An exemplary operation of listening for and processing beacon frames transmitted from the AP 110 of FIG. 1 is described below with respect to the illustrative timing diagram 400 of FIG. 4A and the method 500 represented by the exemplary flow chart of FIG. 5. Initially, prior to time t₀, the STA 200 is in the sleep state. Just before time t₀, which corresponds to the first TBTT of AP 110, the STA 200 wakes up from the sleep state to listen for a beacon frame transmitted from the AP 110 (502). More specifically, processor 230 of STA 200 may access the first instructions I1 stored in internal memory 231 and execute a suitable wake-up routine therein to boot-up the processor 230 (503). In this manner, processor 230 may quickly wake up without having to contend for access to system bus 235, without having to power-up memory controller 240, and without having to access or retrieve information from external memory 250. As a result, traffic on system bus 235 may be reduced and/or system bus 235 may operate at lower speeds, and processor 230 may not request the system bus 235's clock (not shown for simplicity).

For at least some embodiments, processor 230 may wake-up in response to a program interrupt (INT) contained within the first instructions I1 and corresponding to the scheduled transmission of the first beacon frame B1.

At time t₀, the AP 110 transmits the first beacon frame B1, which contains a DTIM indicating that the AP 110 does not have any B/M frames buffered for STA 200. The STA 200 receives the beacon frame B1 (504), and determines whether the DTIM bit is asserted to indicate the presence of buffered downlink data (505). More specifically, the processor 230 may receive the beacon frame and determine whether the DTIM bit is asserted by executing the first instructions I1 residing in the processor's internal memory 231 without executing the second instructions I2 stored in external memory 250. As a result, processor 230 does not need to access system bus 235, does not need to enable memory controller 240, and does not need to access or retrieve information from external memory 250.

Because the DTIM bit is not asserted, as tested at 506, the STA 200 may return to the sleep state, and the processor 230 may enter a sleep or idle state (508). In this manner, the STA 200 may wake-up from the sleep state, receive the first beacon frame B1, determine whether the first beacon frame B1 includes an asserted DTIM bit, and then return to the sleep state without executing the second instructions I2 stored in external memory 250 (e.g., and therefore without accessing system bus 235, without enabling memory controller 240, and without access external memory 250). Thus, by entering and existing the sleep state by executing only the first instructions I1 stored in the internal memory 231 (which has faster access times than external memory 250), the timeline and power consumption associated with entering and exiting the sleep state may be reduced (as compared to wireless devices that execute instructions stored in an external memory such as external memory 250 to enter and exit the sleep state). Thereafter, processing may continue at 502 to listen for subsequent beacon frames.

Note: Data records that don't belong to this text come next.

(* Let $\mathbb{A}$ be a 2-category and $p:e\to b$ a 1-cell such that $\mathbb{A}$ has the two-dimensional cokernel diagram of $p$, a right Kan extension $(t,\gamma)$ of $p$ along $p$ exists, and it is preserved by $\delta^0:b\to b\uparrow_pb$. Let $\mathsf{T}=(b,t,m,\eta)$ be the codensity monad of $p$. For each object $x$ consider the factorizations $$\mathbb{A}(x,p)=U^{H}_x\circ K^{H}_x:\ \mathbb{A}(x,e)\to \mathrm{Desc}_p(x)\to\mathbb{A}(x,b),\qquad \mathbb{A}(x,p)=U^{\mathsf{T}}_x\circ K^{\mathsf{T}}_x:\ \mathbb{A}(x,e)\to \mathrm{Alg}_{\mathsf{T}}(x)\to\mathbb{A}(x,b),$$ where $K^H_x(g)=(pg,\alpha\ast\mathrm{id}_g)$, $K^H_x(\chi)=\mathrm{id}_p\ast\chi$, $K^{\mathsf{T}}_x(g)=(pg,\gamma\ast\mathrm{id}_g)$, $K^{\mathsf{T}}_x(\chi)=\mathrm{id}_p\ast\chi$, and $U^H_x$, $U^{\mathsf{T}}_x$ are the forgetful functors $(h,\beta)\mapsto h$, $\xi\mapsto\xi$. Then these two factorizations are isomorphic, 2-naturally in $x$: there are isomorphisms of categories $\Phi_x:\mathrm{Desc}_p(x)\to\mathrm{Alg}_{\mathsf{T}}(x)$, 2-natural in $x$ (with respect to precomposition by 1-cells and 2-cells $x'\to x$), such that $U^{\mathsf{T}}_x\Phi_x=U^H_x$ and $\Phi_xK^H_x=K^{\mathsf{T}}_x$.
   Context: A 2-category is a $\mathbf{Cat}$-enriched category; composition of 1-cells is juxtaposition, vertical composition of 2-cells is $\cdot$, horizontal composition is $\ast$, $\mathrm{id}_f$ is the identity 2-cell on $f$; $\mathbb{A}(x,y)$ is the hom-category. Opcomma object of $p$ along itself: an object $b\uparrow_p b$ with 1-cells $\delta^0,\delta^1:b\to b\uparrow_p b$ and a 2-cell $\alpha:\delta^1p\Rightarrow\delta^0p$ such that for every object $y$ the functor $h\mapsto(h\delta^0,h\delta^1,\mathrm{id}_h\ast\alpha)$, $\xi\mapsto(\xi\ast\mathrm{id}_{\delta^0},\xi\ast\mathrm{id}_{\delta^1})$ is an isomorphism from $\mathbb{A}(b\uparrow_p b,y)$ onto the category of triples $(h_0,h_1:b\to y,\ \beta:h_1p\Rightarrow h_0p)$ with morphisms pairs of 2-cells $(\xi_0:h_0\Rightarrow h_0',\xi_1:h_1\Rightarrow h_1')$ satisfying $(\xi_0\ast\mathrm{id}_p)\cdot\beta=\beta'\cdot(\xi_1\ast\mathrm{id}_p)$. Two-dimensional pushout of a span $f_0:c\to c_0$, $f_1:c\to c_1$: an object $P$ with $q_0:c_0\to P$, $q_1:c_1\to P$, $q_0f_0=q_1f_1$, such that for every $y$, $k\mapsto(kq_0,kq_1)$ is an isomorphism from $\mathbb{A}(P,y)$ onto the category of pairs $(k_0,k_1)$ with $k_0f_0=k_1f_1$, whose morphisms are pairs of 2-cells $(\xi_0,\xi_1)$ with $\xi_0\ast\mathrm{id}_{f_0}=\xi_1\ast\mathrm{id}_{f_1}$. $\mathbb{A}$ has the two-dimensional cokernel diagram of $p$ if it has an opcomma object $b\uparrow_p b$ of $p$ along itself and a two-dimensional pushout $b\uparrow_pb\uparrow_pb$ of the span $(\delta^0,\delta^1)$, with 1-cells $D^0,D^2$ satisfying $D^2\delta^0=D^0\delta^1$. Then $D^1$ is the unique 1-cell with $D^1\delta^1=D^2\delta^1$, $D^1\delta^0=D^0\delta^0$, $\mathrm{id}_{D^1}\ast\alpha=(\mathrm{id}_{D^0}\ast\alpha)\cdot(\mathrm{id}_{D^2}\ast\alpha)$, and $s^0:b\uparrow_pb\to b$ is the unique 1-cell with $s^0\delta^0=s^0\delta^1=\mathrm{id}_b$, $\mathrm{id}_{s^0}\ast\alpha=\mathrm{id}_p$. $\mathrm{Desc}_p(x)$ (the lax descent category of $\mathbb{A}(x,-)$ applied to the two-dimensional cokernel diagram of $p$): objects are pairs $(h:x\to b,\ \beta:\delta^1h\Rightarrow\delta^0h)$ with $(\mathrm{id}_{D^0}\ast\beta)\cdot(\mathrm{id}_{D^2}\ast\beta)=\mathrm{id}_{D^1}\ast\beta$ and $\mathrm{id}_{s^0}\ast\beta=\mathrm{id}_h$; morphisms $(h_1,\beta_1)\to(h_0,\beta_0)$ are 2-cells $\xi:h_1\Rightarrow h_0$ with $\beta_0\cdot(\mathrm{id}_{\delta^1}\ast\xi)=(\mathrm{id}_{\delta^0}\ast\xi)\cdot\beta_1$. Right Kan extension of $f:z\to y$ along $g:z\to w$: a pair $(r:w\to y,\gamma:rg\Rightarrow f)$ such that for each $k:w\to y$, $\beta\mapsto\gamma\cdot(\beta\ast\mathrm{id}_g)$ is a bijection from 2-cells $k\Rightarrow r$ to 2-cells $kg\Rightarrow f$; a 1-cell $d$ preserves it if $(dr,\mathrm{id}_d\ast\gamma)$ is a right Kan extension of $df$ along $g$. Codensity monad $\mathsf{T}=(b,t,m,\eta)$ of $p$: $(t,\gamma)$ a right Kan extension of $p$ along $p$, $m:tt\Rightarrow t$ unique with $\gamma\cdot(m\ast\mathrm{id}_p)=\gamma\cdot(\mathrm{id}_t\ast\gamma)$, $\eta:\mathrm{id}_b\Rightarrow t$ unique with $\gamma\cdot(\eta\ast\mathrm{id}_p)=\mathrm{id}_p$. $\mathrm{Alg}_{\mathsf{T}}(x)$ (Eilenberg–Moore category of the monad $\mathbb{A}(x,\mathsf{T})$ on $\mathbb{A}(x,b)$): objects are pairs $(h:x\to b,\ \beta:th\Rightarrow h)$ with $\beta\cdot(\mathrm{id}_t\ast\beta)=\beta\cdot(m\ast\mathrm{id}_h)$ and $\beta\cdot(\eta\ast\mathrm{id}_h)=\mathrm{id}_h$; morphisms $(h_1,\beta_1)\to(h_0,\beta_0)$ are 2-cells $\xi:h_1\Rightarrow h_0$ with $\xi\cdot\beta_1=\beta_0\cdot(\mathrm{id}_t\ast\xi)$. *)

theory Defs
  imports Main
begin

text \<open>A 2-category with objects of type 'o, 1-cells of type 'a and 2-cells of type 'c,
  each sort carved out by a carrier set. comp1 g f is the juxtaposition g f (first f, then g);
  vcomp is vertical composition (written with a centered dot), hcomp is horizontal composition
  (written with a star); idn2 f is the identity 2-cell on f.\<close>

record ('o,'a,'c) two_cat =
  tc_obj :: "'o set"
  tc_ar1 :: "'a set"
  tc_ar2 :: "'c set"
  src1 :: "'a \<Rightarrow> 'o"
  tgt1 :: "'a \<Rightarrow> 'o"
  src2 :: "'c \<Rightarrow> 'a"
  tgt2 :: "'c \<Rightarrow> 'a"
  idn1 :: "'o \<Rightarrow> 'a"
  idn2 :: "'a \<Rightarrow> 'c"
  comp1 :: "'a \<Rightarrow> 'a \<Rightarrow> 'a"
  vcomp :: "'c \<Rightarrow> 'c \<Rightarrow> 'c"
  hcomp :: "'c \<Rightarrow> 'c \<Rightarrow> 'c"
lemma run_preserves_descendants:
  assumes "run N C w C'" and "C p \<subseteq> descendants N z"
  shows "C' p \<subseteq> descendants N z"
  using assms
proof (induction w arbitrary: C)
  case Nil
  then show ?case by simp
next
  case (Cons x w)
  obtain n a where x: "x = (n, a)" by (cases x)
  from Cons.prems obtain D where st: "step N C (n, a) D" and r: "run N D w C'"
    using x by auto
  have "D p \<subseteq> descendants N z"
  proof (cases "p \<in> ndom N n")
    case True
    with st have "(z, n) \<in> (graph_edges N)\<^sup>+" and "\<forall>k\<in>D p. (n, k) \<in> graph_edges N"
      using Cons.prems(2) by (auto simp: step_def enabled_def graph_edges_def descendants_def)
    then show ?thesis by (auto simp: descendants_def intro: trancl_into_trancl)
  next
    case False
    with st Cons.prems(2) show ?thesis by (auto simp: step_def)
  qed
  with Cons.IH r show ?case by blast
qed

lemma delta_memberD:
  assumes "negotiation N" and "n \<in> Nodes N" and "n' \<in> delta N n a p"
  shows "a \<in> out N n \<and> p \<in> ndom N n"
proof -
  have "\<forall>n\<in>Nodes N. \<forall>a p. delta N n a p \<noteq> {} \<longleftrightarrow> a \<in> out N n \<and> p \<in> ndom N n"
    using assms(1) unfolding negotiation_def by (elim conjE)
  with assms(2,3) show ?thesis by blast
qed

lemma delta_subset_Nodes:
  assumes "negotiation N" and "n \<in> Nodes N"
  shows "delta N n a p \<subseteq> Nodes N"
proof
  fix k assume k: "k \<in> delta N n a p"
  have "\<forall>n\<in>Nodes N. \<forall>a\<in>out N n. \<forall>p\<in>ndom N n. delta N n a p \<subseteq> Nodes N"
    using assms(1) unfolding negotiation_def by (elim conjE) blast
  with delta_memberD[OF assms k] assms(2) k show "k \<in> Nodes N" by blast
qed

lemma ndom_subset_Proc: "negotiation N \<Longrightarrow> n \<in> Nodes N \<Longrightarrow> ndom N n \<subseteq> Proc N"
  unfolding negotiation_def by (elim conjE) simp

lemma ndom_nonempty: "negotiation N \<Longrightarrow> n \<in> Nodes N \<Longrightarrow> ndom N n \<noteq> {}"
  unfolding negotiation_def by (elim conjE) simp

lemma out_nonempty: "negotiation N \<Longrightarrow> n \<in> Nodes N \<Longrightarrow> n \<noteq> nfin N \<Longrightarrow> out N n \<noteq> {}"
  unfolding negotiation_def by (elim conjE) simp

lemma Proc_nonempty: "negotiation N \<Longrightarrow> Proc N \<noteq> {}"
  using ndom_nonempty[of N "ninit N"] unfolding negotiation_def by (elim conjE) simp

lemma graph_edges_subset: "negotiation N \<Longrightarrow> graph_edges N \<subseteq> Nodes N \<times> Nodes N"
  unfolding graph_edges_def using delta_subset_Nodes by fast

lemma deterministic_delta:
  assumes "deterministic N" and "n \<in> Nodes N" and "a \<in> out N n" and "p \<in> ndom N n"
    and "n' \<in> delta N n a p"
  shows "delta N n a p = {n'}"
  using assms unfolding deterministic_def by fastforce

lemma card_descendants_less:
  assumes "negotiation N" and "acyclic_nego N" and "(n, n') \<in> graph_edges N"
  shows "card (descendants N n') < card (descendants N n)"
proof (rule psubset_card_mono)
  have "(graph_edges N)\<^sup>+ \<subseteq> Nodes N \<times> Nodes N"
    using graph_edges_subset[OF assms(1)] by (rule trancl_subset_Sigma)
  then show "finite (descendants N n)"
    using assms(1) unfolding descendants_def negotiation_def by (auto intro: finite_subset)
  have "n' \<notin> descendants N n'"
    using assms(2) unfolding acyclic_nego_def acyclic_def descendants_def by blast
  with assms(3) show "descendants N n' \<subset> descendants N n"
    unfolding descendants_def by (auto intro: trancl_into_trancl2)
qed
(* Let $m,n\ge1$ be natural numbers. For $j=1,2$ let $\mathcal U_j$ be a non-principal ultrafilter on $\mathbb N$ and $(a^{(j)}_i,b^{(j)}_i)_{i\in\mathbb N}$ coprime natural numbers with $2\le a^{(j)}_i<b^{(j)}_i$ such that $S^{(j)}=\prod_{\mathcal U_j}\{xa^{(j)}_i+yb^{(j)}_i\}$ is a limit 2-semigroup with generators $a^{(j)},b^{(j)}$ in which $m\,b^{(j)}=\beta_n$, and such that the residue $\mathrm{res}_m(a^{(j)})$ of $a^{(j)}$ modulo $m$ is coprime to $m$. Suppose that $S^{(1)}$ and $S^{(2)}$ have the same residues of $a$ modulo every $N\ge1$, the same value of $q_0=r(a,b)$, and, in case $q_0=0$, the same $M_a$-residues of $\alpha(b)$ modulo every $N\ge1$. Then $S^{(1)}$ and $S^{(2)}$ have the same invariants, namely: the same residues of $b$ modulo every $N$; the same $M_b$-residues of $\beta_1$, the same $M_a$-residues of $\alpha_1$ and of $\alpha(b)$ modulo every $N$; and for all $p,q\in\mathbb N$ the same truth values of the statements $p\,a<q\,b$, of $p\,b<q\,\alpha(b)+q\,a$, and of $p\,\beta_1<q\,ab$. Furthermore, in any such limit 2-semigroup, $q_0=0$ or $q_0=m/k$ for some positive integer $k$.
   Context: A standard 2-semigroup with coprime generators $2\le a<b$ is $\{xa+yb:x,y\in\mathbb N\}$ with $+,<,0$. A limit 2-semigroup is an ultraproduct $\prod_{\mathcal U}S_i$ of standard 2-semigroups $S_i$ (generators $a_i<b_i$) over a non-principal ultrafilter, not isomorphic to a standard semigroup, with generators $a=[(a_i)]$, $b=[(b_i)]$; it is assumed that $a$ exceeds every finite multiple of the minimal positive distance between elements. All the following notions are defined in each $S_i$ and interpreted coordinatewise in the ultraproduct. $ab$ is the product; $\alpha(b)=\lfloor b/a\rfloor a$; for $1\le n<b$, $\beta_n$ is the least multiple of $b$ that is $\equiv n\pmod a$ (i.e. $kb$ with $0\le k<a$, $kb\equiv n$), and $\alpha_n=\beta_n-n$; $p\,x$ denotes $x$ added to itself $p$ times. The residue of $x$ modulo $N$ is the $r<N$ with $x\equiv r\pmod N$ (in the ultraproduct: holding for $\mathcal U$-almost all coordinates). For a multiple $x=ta\le ab$ of $a$, its $M_a$-residue modulo $N$ is $t \bmod N$; for a multiple $x=tb\le ab$ of $b$, its $M_b$-residue modulo $N$ is $t\bmod N$. The ratio $q_0=r(a,b)=\sup\{p/q: p,q\in\mathbb Z_{\ge0}, q\neq0,\ p\,b\le q\,a\}$. *)

theory Defs
  imports Complex_Main
begin
definition pull_back :: "'a set \<Rightarrow> ('a \<Rightarrow> 'b::metric_space) \<Rightarrow> (('b \<Rightarrow> real) \<Rightarrow> real)
    \<Rightarrow> ('a \<Rightarrow> real) \<Rightarrow> real" where
  "pull_back U f \<nu> \<phi> = Inf {\<nu> \<psi> | \<psi>. continuous_on UNIV \<psi> \<and> (\<forall>y. push_fwd U f \<phi> y \<le> \<psi> y)}"

end

theory Submission
  imports Defs
begin

text \<open>Positivity and homogeneity show that a positive strong submeasure \<open>\<mu>\<close> on a compact space
  satisfies \<open>\<parallel>\<phi>\<parallel> \<mu>(-1) \<le> \<mu> \<phi> \<le> \<parallel>\<phi>\<parallel> \<mu>(1)\<close>, so its norm is \<open>max \<bar>\<mu>(1)\<bar> \<bar>\<mu>(-1)\<bar>\<close>.
  The push-forward \<open>f\<^sub>*\<close> is sublinear, monotone and bounded by \<open>deg f \<parallel>\<phi>\<parallel>\<close>, because fibre sums are
  and the limsup extension preserves these properties; it maps the constant \<open>c\<close> to \<open>deg f \<cdot> c\<close>.
  Taking infima over continuous majorants transfers everything to \<open>f\<^sup>*\<nu>\<close>, which is
  therefore a positive strong submeasure with \<open>f\<^sup>*\<nu>(\<plusminus>1) = deg f \<cdot> \<nu>(\<plusminus>1)\<close>, and the norm
  identity follows from the norm formula.\<close>

section \<open>Positive strong submeasures\<close>

lemma abs_le_sup_norm:
  fixes \<phi> :: "'a::topological_space \<Rightarrow> real"
  assumes "compact (UNIV :: 'a set)" "continuous_on UNIV \<phi>"
  shows "\<bar>\<phi> x\<bar> \<le> sup_norm \<phi>"
proof -
  have "compact (range (\<lambda>x. \<bar>\<phi> x\<bar>))"
    using assms by (intro compact_continuous_image continuous_intros) auto
  then have "bdd_above (range (\<lambda>x. \<bar>\<phi> x\<bar>))"
    by (simp add: bounded_imp_bdd_above compact_imp_bounded)
  then show ?thesis unfolding sup_norm_def by (rule cSUP_upper[OF UNIV_I])
qed

lemma sup_norm_nonneg:
  fixes \<phi> :: "'a::topological_space \<Rightarrow> real"
  assumes "compact (UNIV :: 'a set)" "continuous_on UNIV \<phi>"
  shows "sup_norm \<phi> \<ge> 0"
  using abs_le_sup_norm[OF assms] abs_ge_zero order_trans by blast

lemma sup_norm_const [simp]: "sup_norm (\<lambda>_. c) = \<bar>c\<bar>"
  unfolding sup_norm_def by simp

lemma positive_strong_submeasure_add:
  assumes "positive_strong_submeasure \<mu>" "continuous_on UNIV \<phi>" "continuous_on UNIV \<psi>"
  shows "\<mu> (\<lambda>x. \<phi> x + \<psi> x) \<le> \<mu> \<phi> + \<mu> \<psi>"
  using assms unfolding positive_strong_submeasure_def strong_submeasure_def by blast
text \<open>Strongly continuous action of the circle S^1 by *-automorphisms.  The map
sigma is only relevant on the unit circle.\<close>
definition circle_action ::
  "'a::{real_normed_algebra_1,banach} \<Rightarrow> ('a \<Rightarrow> 'a) \<Rightarrow> (complex \<Rightarrow> 'a \<Rightarrow> 'a) \<Rightarrow> bool" where
  "circle_action j st \<sigma> \<longleftrightarrow>
     (\<forall>a. \<sigma> 1 a = a) \<and>
     (\<forall>l m a. cmod l = 1 \<longrightarrow> cmod m = 1 \<longrightarrow> \<sigma> (l * m) a = \<sigma> l (\<sigma> m a)) \<and>
     (\<forall>l. cmod l = 1 \<longrightarrow>
        (\<forall>a b. \<sigma> l (a + b) = \<sigma> l a + \<sigma> l b) \<and>
        (\<forall>c a. \<sigma> l (scC j c a) = scC j c (\<sigma> l a)) \<and>
        (\<forall>a b. \<sigma> l (a * b) = \<sigma> l a * \<sigma> l b) \<and>
        \<sigma> l 1 = 1 \<and>
        (\<forall>a. \<sigma> l (st a) = st (\<sigma> l a))) \<and>
     (\<forall>a. continuous_on {z. cmod z = 1} (\<lambda>z. \<sigma> z a))"

definition spec_sub :: "'a::real_normed_algebra_1 \<Rightarrow> (complex \<Rightarrow> 'a \<Rightarrow> 'a) \<Rightarrow> int \<Rightarrow> 'a set" where
  "spec_sub j \<sigma> n = {a. \<forall>l. cmod l = 1 \<longrightarrow> \<sigma> l a = scC j (l powi n) a}"

definition P0 :: "(complex \<Rightarrow> 'a::{real_normed_algebra_1,banach} \<Rightarrow> 'a) \<Rightarrow> 'a \<Rightarrow> 'a" where
  "P0 \<sigma> a = (1 / (2 * pi)) *\<^sub>R integral {0..2*pi} (\<lambda>t. \<sigma> (cis t) a)"

definition dense_unital_star_subalg ::
  "'a::{real_normed_algebra_1,banach} \<Rightarrow> ('a \<Rightarrow> 'a) \<Rightarrow> 'a set \<Rightarrow> bool" where
  "dense_unital_star_subalg j st S \<longleftrightarrow>
     1 \<in> S \<and>
     (\<forall>a\<in>S. \<forall>b\<in>S. a + b \<in> S \<and> a * b \<in> S) \<and>
     (\<forall>c. \<forall>a\<in>S. scC j c a \<in> S) \<and>
     (\<forall>a\<in>S. st a \<in> S) \<and>
     closure S = UNIV"

definition unital_alg_hom_on ::
  "'a::real_normed_algebra_1 \<Rightarrow> 'b::real_normed_algebra_1 \<Rightarrow> 'a set \<Rightarrow> ('a \<Rightarrow> 'b) \<Rightarrow> bool" where
  "unital_alg_hom_on jA jB S f \<longleftrightarrow>
     (\<forall>a\<in>S. \<forall>b\<in>S. f (a + b) = f a + f b \<and> f (a * b) = f a * f b) \<and>
     (\<forall>c. \<forall>a\<in>S. f (scC jA c a) = scC jB c (f a)) \<and>
     f 1 = 1"
lemma eventually_perturbation_pos:
  fixes x \<Delta> :: "'a \<Rightarrow> real"
  assumes "finite S" and "\<forall>s\<in>S. 0 \<le> x s" and "\<forall>s\<in>S. x s = 0 \<longrightarrow> 0 \<le> \<Delta> s"
  shows "\<forall>\<^sub>F \<epsilon> in at_right 0. \<forall>s\<in>S. \<Delta> s \<noteq> 0 \<longrightarrow> 0 < x s + \<epsilon> * \<Delta> s"
proof (rule eventually_ball_finite[OF assms(1)], intro ballI)
  fix s assume s: "s \<in> S"
  show "\<forall>\<^sub>F \<epsilon> in at_right 0. \<Delta> s \<noteq> 0 \<longrightarrow> 0 < x s + \<epsilon> * \<Delta> s"
  proof (cases "x s = 0")
    case True
    with assms s have "0 \<le> \<Delta> s" by blast
    with True show ?thesis
      by (auto simp: eventually_at_right_field intro!: exI[of _ 1])
  next
    case False
    with assms s have "0 < x s" by force
    moreover have "((\<lambda>\<epsilon>. x s + \<epsilon> * \<Delta> s) \<longlongrightarrow> x s + 0 * \<Delta> s) (at_right 0)"
      by (intro tendsto_intros)
    ultimately have "\<forall>\<^sub>F \<epsilon> in at_right 0. 0 < x s + \<epsilon> * \<Delta> s"
      using order_tendstoD(1) by fastforce
    then show ?thesis by eventually_elim simp
  qed
qed

lemma entropy_slope_split:
  fixes x \<Delta> w c :: "'a \<Rightarrow> real"
  assumes S: "finite S" and Z: "Z \<subseteq> S" and singular: "\<forall>s\<in>Z. x s = 0 \<and> 0 < \<Delta> s \<and> 0 < c s"
    and \<epsilon>: "0 < \<epsilon>"
  shows "(\<Sum>s\<in>S. w s * \<Delta> s * (ln ((x s + \<epsilon> * \<Delta> s) / c s) + 1)) =
    (\<Sum>s\<in>Z. w s * \<Delta> s) * ln \<epsilon> + (\<Sum>s\<in>Z. w s * \<Delta> s * (ln (\<Delta> s / c s) + 1)) +
    (\<Sum>s\<in>S - Z. w s * \<Delta> s * (ln ((x s + \<epsilon> * \<Delta> s) / c s) + 1))"
proof -
  have "(\<Sum>s\<in>Z. w s * \<Delta> s * (ln ((x s + \<epsilon> * \<Delta> s) / c s) + 1)) =
      (\<Sum>s\<in>Z. w s * \<Delta> s * ln \<epsilon> + w s * \<Delta> s * (ln (\<Delta> s / c s) + 1))"
  proof (rule sum.cong[OF refl])
    fix s assume "s \<in> Z"
    with singular have "x s = 0" "0 < \<Delta> s" "0 < c s" by auto
    then have "ln ((x s + \<epsilon> * \<Delta> s) / c s) = ln \<epsilon> + ln (\<Delta> s / c s)"
      using \<epsilon> by (simp add: ln_mult ln_div)
    then show "w s * \<Delta> s * (ln ((x s + \<epsilon> * \<Delta> s) / c s) + 1) =
        w s * \<Delta> s * ln \<epsilon> + w s * \<Delta> s * (ln (\<Delta> s / c s) + 1)"
      by (simp add: algebra_simps)
  qed
  then show ?thesis
    using sum.subset_diff[OF Z S, of "\<lambda>s. w s * \<Delta> s * (ln ((x s + \<epsilon> * \<Delta> s) / c s) + 1)"]
    by (simp add: sum.distrib sum_distrib_right)
qed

Next, at time t₁, which corresponds to the second TBTT of AP 110, the AP 110 transmits the second beacon frame B2, which contains a TIM. Because the second beacon frame B2 does not include a DTIM, the STA 200 may not wake-up from the sleep state, but rather may remain in the sleep state until the next DTIM is transmitted from the AP 110 in the fourth beacon frame B4, at time t₃. The STA 200 may use the DTIM count value provided in the first beacon frame B1 to determine that the next two beacon frames B2-B3 do not contain DTIMs. Note that the DTIM period depicted in FIG. 4A is exemplary, and thus may have other suitable values.

For other embodiments, the processor 230 may (e.g., in response to program INTs contained within the first instructions I1) cause the STA 200 to wake-up for every beacon frame (or every Nth beacon frame), for example, as depicted by the illustrative timing diagram 401 of FIG. 4B. The program INTs may cause the STA 200 to wake up for selected beacon intervals by adjusting the STA 200's listen interval (e.g., in accordance with the IEEE 802.11 standards). Waking up more frequently to listen for beacon frames consumes more power, but may ensure that buffered unicast frames are delivered more frequently from the AP 110 to the STA 200. For such embodiments, the processor 230 may process the TIM bits contained in the beacon frames in a manner similar to that as described herein for the DTIM bits. That is, if the TIM bit indicates that the AP 110 does not have buffered (unicast) data for the STA 200, then the STA 200 may return to the sleep state. Otherwise, the processor 230 may jump from execution of the first instructions stored in the internal memory 231 to the second instructions I2 stored in the external memory 250 to process the received data.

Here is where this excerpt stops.